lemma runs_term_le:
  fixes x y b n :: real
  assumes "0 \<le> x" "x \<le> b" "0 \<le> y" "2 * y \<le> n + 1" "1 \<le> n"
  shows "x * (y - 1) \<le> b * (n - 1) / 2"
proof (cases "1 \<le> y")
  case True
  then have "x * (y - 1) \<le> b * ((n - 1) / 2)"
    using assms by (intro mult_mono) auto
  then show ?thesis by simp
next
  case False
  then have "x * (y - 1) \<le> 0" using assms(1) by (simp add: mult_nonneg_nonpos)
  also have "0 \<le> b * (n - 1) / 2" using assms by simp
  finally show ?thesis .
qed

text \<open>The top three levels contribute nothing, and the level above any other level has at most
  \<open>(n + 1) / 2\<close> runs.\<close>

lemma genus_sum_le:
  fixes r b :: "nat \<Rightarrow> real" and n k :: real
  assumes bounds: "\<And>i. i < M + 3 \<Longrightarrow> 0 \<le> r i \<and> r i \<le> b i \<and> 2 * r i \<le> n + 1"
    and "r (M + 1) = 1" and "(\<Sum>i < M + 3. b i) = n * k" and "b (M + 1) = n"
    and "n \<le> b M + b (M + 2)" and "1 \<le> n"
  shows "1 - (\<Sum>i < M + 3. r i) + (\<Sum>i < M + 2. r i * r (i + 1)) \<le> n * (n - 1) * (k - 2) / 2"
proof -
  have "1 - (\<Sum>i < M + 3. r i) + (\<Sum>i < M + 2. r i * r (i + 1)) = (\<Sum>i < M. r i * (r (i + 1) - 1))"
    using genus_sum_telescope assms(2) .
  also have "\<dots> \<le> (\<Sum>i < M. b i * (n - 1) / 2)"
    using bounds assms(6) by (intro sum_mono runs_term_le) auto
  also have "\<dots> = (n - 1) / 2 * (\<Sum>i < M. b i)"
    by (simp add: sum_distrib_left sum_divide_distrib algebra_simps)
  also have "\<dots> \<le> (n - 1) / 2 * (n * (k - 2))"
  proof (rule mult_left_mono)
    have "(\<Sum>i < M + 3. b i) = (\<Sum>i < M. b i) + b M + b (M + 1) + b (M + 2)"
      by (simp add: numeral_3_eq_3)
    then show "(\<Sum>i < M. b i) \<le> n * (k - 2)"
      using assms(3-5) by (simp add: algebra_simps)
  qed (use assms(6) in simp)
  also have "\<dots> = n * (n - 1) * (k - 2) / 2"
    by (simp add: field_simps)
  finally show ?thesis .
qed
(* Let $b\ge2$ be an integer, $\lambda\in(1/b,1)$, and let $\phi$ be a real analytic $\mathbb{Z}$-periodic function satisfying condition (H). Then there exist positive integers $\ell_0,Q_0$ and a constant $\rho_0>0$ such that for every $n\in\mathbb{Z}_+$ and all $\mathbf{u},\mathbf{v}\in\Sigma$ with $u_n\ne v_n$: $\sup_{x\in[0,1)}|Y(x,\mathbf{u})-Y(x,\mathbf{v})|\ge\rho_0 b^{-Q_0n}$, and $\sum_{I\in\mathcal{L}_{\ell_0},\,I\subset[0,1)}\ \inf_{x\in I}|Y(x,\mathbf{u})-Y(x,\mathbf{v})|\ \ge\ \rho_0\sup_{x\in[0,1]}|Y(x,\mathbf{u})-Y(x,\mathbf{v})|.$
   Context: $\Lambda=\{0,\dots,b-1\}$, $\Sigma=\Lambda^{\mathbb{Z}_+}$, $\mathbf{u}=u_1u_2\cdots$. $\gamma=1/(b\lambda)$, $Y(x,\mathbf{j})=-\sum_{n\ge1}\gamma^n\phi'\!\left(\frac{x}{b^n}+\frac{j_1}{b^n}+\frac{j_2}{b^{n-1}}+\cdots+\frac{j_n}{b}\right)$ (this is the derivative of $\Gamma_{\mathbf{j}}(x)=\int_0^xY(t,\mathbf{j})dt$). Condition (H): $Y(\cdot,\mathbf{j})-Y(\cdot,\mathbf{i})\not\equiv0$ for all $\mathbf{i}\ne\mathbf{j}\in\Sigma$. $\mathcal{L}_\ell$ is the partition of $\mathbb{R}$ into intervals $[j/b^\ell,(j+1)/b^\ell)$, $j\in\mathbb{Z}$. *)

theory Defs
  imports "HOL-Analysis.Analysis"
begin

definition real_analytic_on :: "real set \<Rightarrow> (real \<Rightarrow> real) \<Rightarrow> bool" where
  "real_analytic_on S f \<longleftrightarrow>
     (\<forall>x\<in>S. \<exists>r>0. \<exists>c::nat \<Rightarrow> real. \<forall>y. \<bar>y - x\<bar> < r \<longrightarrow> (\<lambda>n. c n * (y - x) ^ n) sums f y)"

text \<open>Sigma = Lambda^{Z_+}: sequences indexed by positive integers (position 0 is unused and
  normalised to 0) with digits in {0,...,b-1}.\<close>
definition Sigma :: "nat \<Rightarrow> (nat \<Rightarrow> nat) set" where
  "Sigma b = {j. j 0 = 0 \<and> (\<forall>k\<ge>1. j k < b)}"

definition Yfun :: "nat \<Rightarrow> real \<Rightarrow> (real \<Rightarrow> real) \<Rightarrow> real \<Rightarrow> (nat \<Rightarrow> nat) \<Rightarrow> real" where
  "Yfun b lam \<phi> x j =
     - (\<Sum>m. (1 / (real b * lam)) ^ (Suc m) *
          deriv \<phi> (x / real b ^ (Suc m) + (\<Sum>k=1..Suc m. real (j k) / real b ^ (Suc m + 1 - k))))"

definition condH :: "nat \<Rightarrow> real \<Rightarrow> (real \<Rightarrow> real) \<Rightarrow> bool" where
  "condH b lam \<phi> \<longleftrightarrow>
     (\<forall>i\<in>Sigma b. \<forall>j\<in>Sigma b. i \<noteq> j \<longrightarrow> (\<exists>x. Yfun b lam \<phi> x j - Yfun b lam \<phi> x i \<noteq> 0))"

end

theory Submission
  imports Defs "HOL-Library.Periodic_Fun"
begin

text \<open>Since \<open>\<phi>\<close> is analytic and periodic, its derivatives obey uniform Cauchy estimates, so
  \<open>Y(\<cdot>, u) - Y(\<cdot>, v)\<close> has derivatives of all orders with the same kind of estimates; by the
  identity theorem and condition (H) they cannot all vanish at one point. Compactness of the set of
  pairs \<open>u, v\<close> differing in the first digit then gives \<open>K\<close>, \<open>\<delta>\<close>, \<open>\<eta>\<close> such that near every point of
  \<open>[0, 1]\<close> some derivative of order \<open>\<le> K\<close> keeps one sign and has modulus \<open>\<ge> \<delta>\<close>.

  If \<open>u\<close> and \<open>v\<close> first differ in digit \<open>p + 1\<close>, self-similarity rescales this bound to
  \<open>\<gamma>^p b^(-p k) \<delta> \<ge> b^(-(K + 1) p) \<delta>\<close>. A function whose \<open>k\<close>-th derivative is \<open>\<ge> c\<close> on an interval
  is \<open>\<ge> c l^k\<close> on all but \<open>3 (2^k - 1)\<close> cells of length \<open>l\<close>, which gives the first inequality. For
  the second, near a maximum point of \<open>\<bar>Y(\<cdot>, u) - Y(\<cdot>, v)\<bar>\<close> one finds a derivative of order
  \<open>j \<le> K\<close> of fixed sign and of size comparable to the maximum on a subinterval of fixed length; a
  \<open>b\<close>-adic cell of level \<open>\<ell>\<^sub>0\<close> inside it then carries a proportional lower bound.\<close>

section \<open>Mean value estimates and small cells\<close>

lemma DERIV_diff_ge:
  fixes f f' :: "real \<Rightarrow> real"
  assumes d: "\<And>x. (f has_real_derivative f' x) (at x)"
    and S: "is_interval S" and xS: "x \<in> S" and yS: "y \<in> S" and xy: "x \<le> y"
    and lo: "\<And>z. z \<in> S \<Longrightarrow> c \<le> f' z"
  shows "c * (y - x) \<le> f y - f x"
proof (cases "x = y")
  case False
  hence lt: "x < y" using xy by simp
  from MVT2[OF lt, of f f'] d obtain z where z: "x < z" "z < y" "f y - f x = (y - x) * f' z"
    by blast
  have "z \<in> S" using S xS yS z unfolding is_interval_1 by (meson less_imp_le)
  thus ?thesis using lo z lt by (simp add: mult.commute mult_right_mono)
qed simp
::::::
### What needs to be done
Copy exactly the stretch of data above from the line with "1) / 2\<close> runs.\<close>" through the line with "3 \<Longrightarrow> 0", and omit all other lines.

### Task answer
  \<open>(n + 1) / 2\<close> runs.\<close>

lemma genus_sum_le:
  fixes r b :: "nat \<Rightarrow> real" and n k :: real
  assumes bounds: "\<And>i. i < M + 3 \<Longrightarrow> 0 \<le> r i \<and> r i \<le> b i \<and> 2 * r i \<le> n + 1"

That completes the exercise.